> [Problem statement]: Please filter the data down to the lines that include the word "take" and copy them.

START Records provided

(* Let a symmetric instance with $n$ actions and $k$ signals ($2\le k\le n$) be given, and let its truncated instance be obtained by removing actions $k+1,\dots,n$ and restricting every state $\boldsymbol\theta$ to $(\theta_1,\dots,\theta_k)$ (with the induced marginal distribution), keeping $k$ signals. Then there exists a direct scheme recommending actions in $[k]$ whose signal distribution depends only on $(\theta_1,\dots,\theta_k)$ that is both an optimal persuasive scheme with $k$ signals for the original instance and an optimal persuasive scheme with $k$ signals for the truncated instance; in particular the optimal sender utilities with $k$ signals of the two instances coincide.
   Context: Model: receiver chooses one of the actions; each action has a type; the state $\boldsymbol\theta$ is drawn from a known distribution $q$; each type $t$ has receiver value $\rho(t)$ and sender value $\xi(t)$. A scheme with $k$ signals maps states to distributions over $k$ signals; the receiver best-responds to her posterior with ties broken in favor of the sender; optimal means maximal sender expected utility among schemes with $k$ signals. Direct: each signal recommends an action; persuasive: for each signal sent with positive probability recommending $i$, the receiver's conditional expected value of $i$ is at least that of every available action. Symmetric instance: $q_{\boldsymbol\theta}=q_{\boldsymbol\theta'}$ whenever $\boldsymbol\theta'$ is a permutation of $\boldsymbol\theta$. *)

theory Defs
  imports "HOL-Probability.Probability"
begin

text \<open>
A state of an instance with n actions is a
list theta of length n, where theta ! i is the type of action i (actions are
indexed 0..n-1, i.e. action i+1 of the paper is index i). All conditional expectations are written
unnormalised (multiplied by the probability of the signal), which does not change
best responses for signals of positive probability; signals of probability zero
contribute nothing to the sender utility.
\<close>

definition is_scheme :: "nat \<Rightarrow> 'a list pmf \<Rightarrow> ('a list \<Rightarrow> nat pmf) \<Rightarrow> bool" where
  "is_scheme k q phi \<longleftrightarrow> (\<forall>\<theta>\<in>set_pmf q. set_pmf (phi \<theta>) \<subseteq> {..<k})"

definition sig_prob :: "'a list pmf \<Rightarrow> ('a list \<Rightarrow> nat pmf) \<Rightarrow> nat \<Rightarrow> real" where
  "sig_prob q phi s = (\<Sum>\<theta>\<in>set_pmf q. pmf q \<theta> * pmf (phi \<theta>) s)"

definition cond_val :: "('a \<Rightarrow> real) \<Rightarrow> 'a list pmf \<Rightarrow> ('a list \<Rightarrow> nat pmf) \<Rightarrow> nat \<Rightarrow> nat \<Rightarrow> real" where
  "cond_val v q phi s i = (\<Sum>\<theta>\<in>set_pmf q. pmf q \<theta> * pmf (phi \<theta>) s * v (\<theta> ! i))"

definition best_resp :: "nat \<Rightarrow> ('a \<Rightarrow> real) \<Rightarrow> 'a list pmf \<Rightarrow> ('a list \<Rightarrow> nat pmf) \<Rightarrow> nat \<Rightarrow> nat set" where
  "best_resp n \<rho> q phi s =
     {i. i < n \<and> (\<forall>j<n. cond_val \<rho> q phi s j \<le> cond_val \<rho> q phi s i)}"

definition sender_util ::
  "nat \<Rightarrow> nat \<Rightarrow> 'a list pmf \<Rightarrow> ('a \<Rightarrow> real) \<Rightarrow> ('a \<Rightarrow> real) \<Rightarrow> ('a list \<Rightarrow> nat pmf) \<Rightarrow> real" where
  "sender_util n k q \<rho> \<xi> phi =
     (\<Sum>s<k. Max (cond_val \<xi> q phi s ` best_resp n \<rho> q phi s))"

definition opt_util :: "nat \<Rightarrow> nat \<Rightarrow> 'a list pmf \<Rightarrow> ('a \<Rightarrow> real) \<Rightarrow> ('a \<Rightarrow> real) \<Rightarrow> real" where
  "opt_util n k q \<rho> \<xi> = (SUP phi \<in> {phi. is_scheme k q phi}. sender_util n k q \<rho> \<xi> phi)"

text \<open>direct scheme with k signals: signal s recommends action s (s < k).
  Persuasive: for each signal sent with positive probability, the recommended action
  is a best response among all n actions.\<close>
definition persuasive_direct :: "nat \<Rightarrow> nat \<Rightarrow> 'a list pmf \<Rightarrow> ('a \<Rightarrow> real) \<Rightarrow> ('a list \<Rightarrow> nat pmf) \<Rightarrow> bool" where
  "persuasive_direct n k q \<rho> phi \<longleftrightarrow> is_scheme k q phi \<and>
     (\<forall>s<k. sig_prob q phi s > 0 \<longrightarrow> (\<forall>j<n. cond_val \<rho> q phi s j \<le> cond_val \<rho> q phi s s))"

definition direct_util :: "nat \<Rightarrow> 'a list pmf \<Rightarrow> ('a \<Rightarrow> real) \<Rightarrow> ('a list \<Rightarrow> nat pmf) \<Rightarrow> real" where
  "direct_util k q \<xi> phi = (\<Sum>s<k. cond_val \<xi> q phi s s)"

definition symmetric_instance :: "'a list pmf \<Rightarrow> bool" where
  "symmetric_instance q \<longleftrightarrow> (\<forall>\<theta> \<theta>'. mset \<theta>' = mset \<theta> \<longrightarrow> pmf q \<theta>' = pmf q \<theta>)"

end

theory Submission
  imports Defs "HOL-Combinatorics.Permutations"
begin

text \<open>
  Relax schemes to signal weights \<open>w \<theta> s\<close> that are merely stochastic on the support; this
  set is compact and closed under averaging. Any scheme, for \<open>n\<close> or for \<open>k\<close> actions, is matched
  by weights of the same value in which signal \<open>s < k\<close> obediently recommends action \<open>s\<close>: permute
  the actions so that the best responses land in \<open>[k]\<close>, which the symmetric prior does not see.
  Take a maximiser of the value, average it over the fibres of \<open>\<theta> \<mapsto> take k \<theta>\<close>, and then over
  the cyclic shifts of the first \<open>k\<close> coordinates. Both averages keep the value and obedience
  within \<open>[k]\<close>, the second makes the weights obedient against the actions outside \<open>[k]\<close> too,
  and the result only depends on \<open>take k \<theta>\<close>, so it is one direct scheme optimal for both instances.
\<close>

lemma pmf_exists_of_weights:
  fixes f :: "nat \<Rightarrow> real"
  assumes "\<And>s. s < k \<Longrightarrow> 0 \<le> f s" and "(\<Sum>s<k. f s) = 1"
  shows "\<exists>p. \<forall>s. pmf p s = (if s < k then f s else 0)"
proof -
  define g where "g s = (if s < k then f s else 0)" for s
  have g_nonneg: "\<And>s. 0 \<le> g s" using assms by (simp add: g_def)
  have "(\<integral>\<^sup>+x. ennreal (g x) \<partial>count_space UNIV) = (\<Sum>x\<in>{..<k}. ennreal (g x))"
    by (rule nn_integral_count_space') (auto simp: g_def)
  also have "\<dots> = ennreal (\<Sum>x<k. g x)" using g_nonneg by (simp add: sum_ennreal)
  also have "\<dots> = 1" using assms by (simp add: g_def)
  finally have "(\<integral>\<^sup>+x. ennreal (g x) \<partial>count_space UNIV) = 1" .
  then show ?thesis
    by (intro exI[of _ "embed_pmf g"]) (simp add: pmf_embed_pmf[OF g_nonneg] g_def)
qed

lemma sum_set_pmf_map_pmf:
  fixes F :: "'b \<Rightarrow> real"
  assumes "finite (set_pmf q)"
  shows "(\<Sum>t\<in>set_pmf (map_pmf g q). pmf (map_pmf g q) t * F t) = (\<Sum>\<theta>\<in>set_pmf q. pmf q \<theta> * F (g \<theta>))"
proof -
  have "(LINT x|map_pmf g q. F x) = (\<Sum>t\<in>set_pmf (map_pmf g q). pmf (map_pmf g q) t *\<^sub>R F t)"
    by (rule integral_measure_pmf) (auto simp: assms)
  moreover have "(LINT x|q. F (g x)) = (\<Sum>t\<in>set_pmf q. pmf q t *\<^sub>R F (g t))"
    by (rule integral_measure_pmf) (auto simp: assms)
  ultimately show ?thesis by simp
qed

END Records provided

> [Answer to this task]:
  Take a maximiser of the value, average it over the fibres of \<open>\<theta> \<mapsto> take k \<theta>\<close>, and then over
  and the result only depends on \<open>take k \<theta>\<close>, so it is one direct scheme optimal for both instances.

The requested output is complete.